History shows that if you can wait 19 years or more, with stocks you will never have a negative return.
Let’s do it!
OK. You invest in a portfolio of stocks that money that you only need let’s say 20 years from here. Forget about it and live your life for 20 years. Than come back, look at your portfolio and triumph: there is your money waiting with probably a lot of extra return.
So where’s the catch?
There is no catch if you indeed forget about it and live you life for 20 years.
But what if you don’t?
What if you take a look after 15 years in stead of after 20 years? Then there is this situation: you look at your portfolio, and very likely you will triumph: there is your money waiting with probably a lot of extra return.
Well, the situation really is a paradox: if after the 15-year-observation you do nothing, you actually decide at that point in time to put/leave your investments for a relatively short time (5 years) entirely invested in stocks!
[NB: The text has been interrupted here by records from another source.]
text \<open>Viewed as a quadratic in \<open>\<kappa>\<close>, the characteristic equation has discriminant
  \<open>d_0\<^sup>2 - 4 d_1 d_m1 = (z + 1)\<^sup>2 (z\<^sup>2 - t\<^sub>+ z + 1) (z\<^sup>2 - t\<^sub>- z + 1)\<close> with
  \<open>0 \<le> t\<^sub>- \<le> t\<^sub>+ \<le> 2\<close>. Both quadratic factors have their roots on the unit circle, so
  the discriminant has a continuous square root on \<open>cmod z \<ge> 1\<close>, built from principal
  square roots, and the quadratic formula gives continuous roots \<open>kappa_s\<close>, \<open>kappa_u\<close>.
  For \<open>cmod z > 1\<close> no root is unimodular: divided by \<open>(z + 1) (z + 1/\<kappa>) (z + \<kappa>)\<close>,
  the characteristic function of a unimodular \<open>\<kappa>\<close> is a combination, with nonnegative
  weights when \<open>\<bar>C\<bar> \<le> 1/2\<close>, of quotients \<open>(z - d) / (z + d)\<close> with \<open>cmod d = 1\<close>,
  which have positive real part. As the exterior of the unit disc minus the finitely many
  zeros of \<open>d_1\<close>, \<open>d_m1\<close> is connected, \<open>cmod kappa_s < 1 < cmod kappa_u\<close> holds there as soon
  as it holds at one large real \<open>z\<close>, where both roots are real and \<open>d_0\<close> dominates
  \<open>d_1\<close> and \<open>d_m1\<close>.\<close>

lemma quadratic_roots_inverse_form:
  fixes a b c g :: "'a::field_char_0"
  assumes "a \<noteq> 0" "c \<noteq> 0" "g\<^sup>2 = b\<^sup>2 - 4*a*c"
  shows "{k. k \<noteq> 0 \<and> c * inverse k + b + a * k = 0} = {(-b + g) / (2*a), (-b - g) / (2*a)}"
proof -
  define r1 where "r1 = (-b + g) / (2*a)"
  define r2 where "r2 = (-b - g) / (2*a)"
  have factor: "a * (k - r1) * (k - r2) = a*k\<^sup>2 + b*k + c" for k
  proof -
    have "a * (k - r1) * (k - r2) = a*k\<^sup>2 + b*k + (b\<^sup>2 - g\<^sup>2) / (4*a)"
      using assms(1) unfolding r1_def r2_def by (simp add: field_simps power2_eq_square)
    then show ?thesis
      using assms(1,3) by simp
  qed
  have roots: "c * inverse k + b + a * k = 0 \<longleftrightarrow> k = r1 \<or> k = r2" if "k \<noteq> 0" for k
  proof -
    have "c * inverse k + b + a * k = a * (k - r1) * (k - r2) / k"
      using that unfolding factor by (simp add: field_simps power2_eq_square)
    then show ?thesis
      using assms(1) that by simp
  qed
  have "r1 \<noteq> 0" "r2 \<noteq> 0"
    using factor[of 0] assms(1,2) by auto
  with roots show ?thesis
    unfolding r1_def[symmetric] r2_def[symmetric] by blast
qed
Just by looking at it, you change your investment horizon. In stead of posessing a portfolio with an investment horizon of 20 years, you changed it to 5 years!
Then what should you do?
There are two options: “observe” versus “do not observe”.
The simplest is doing nothing. Just wait for 20 years and then grab what is waiting for you. Period. But if you are an investor, can you really wait for 20 years without knowing what happens? I don’t think so.
The other thing is, yes, to observe. And while you observe, you see 2 things happen:
- first: you see the movements of your investments. Up… down… up… down… down… up… etc. in a very erratic way, and hopefully more up than down.
- second: in the same time you see, very steadily, shorten your investment horizon, which implies a gradually growing uncertainty of the outcome.
You should begin by setting your goal, for example a very acceptable 5% annual return (can be anything, but the higher your expectations, the lower the probability that they will materialize). Then you invest (all at once, or gradually spread over one or two years, whatever you like). Therafter you wait and observe. If your goal was 5% a year, which means a total gain of 165.33% after 20 years (compound interest) what you should do is simple: say your investment goes up and the moment it reaches this gain of 165.33% : SELL and get out. You already have what you wanted and moreover you eliminated all risk. It does not matter whether this occurs after 5, 10 or 15 years.
In short: three steps, two possibilities
Step 1. fix your goal, which is an annual return, but calculate the corresponding total value at the end of your investment horizon.
Step 2. invest and observe
Step 3. possibility 1: at some moment your investment reaches your target total value: sell and get out,
or possibility 2: your investment never reaches your target total value, so at the end of your investment horizon, sell and get out with what you have.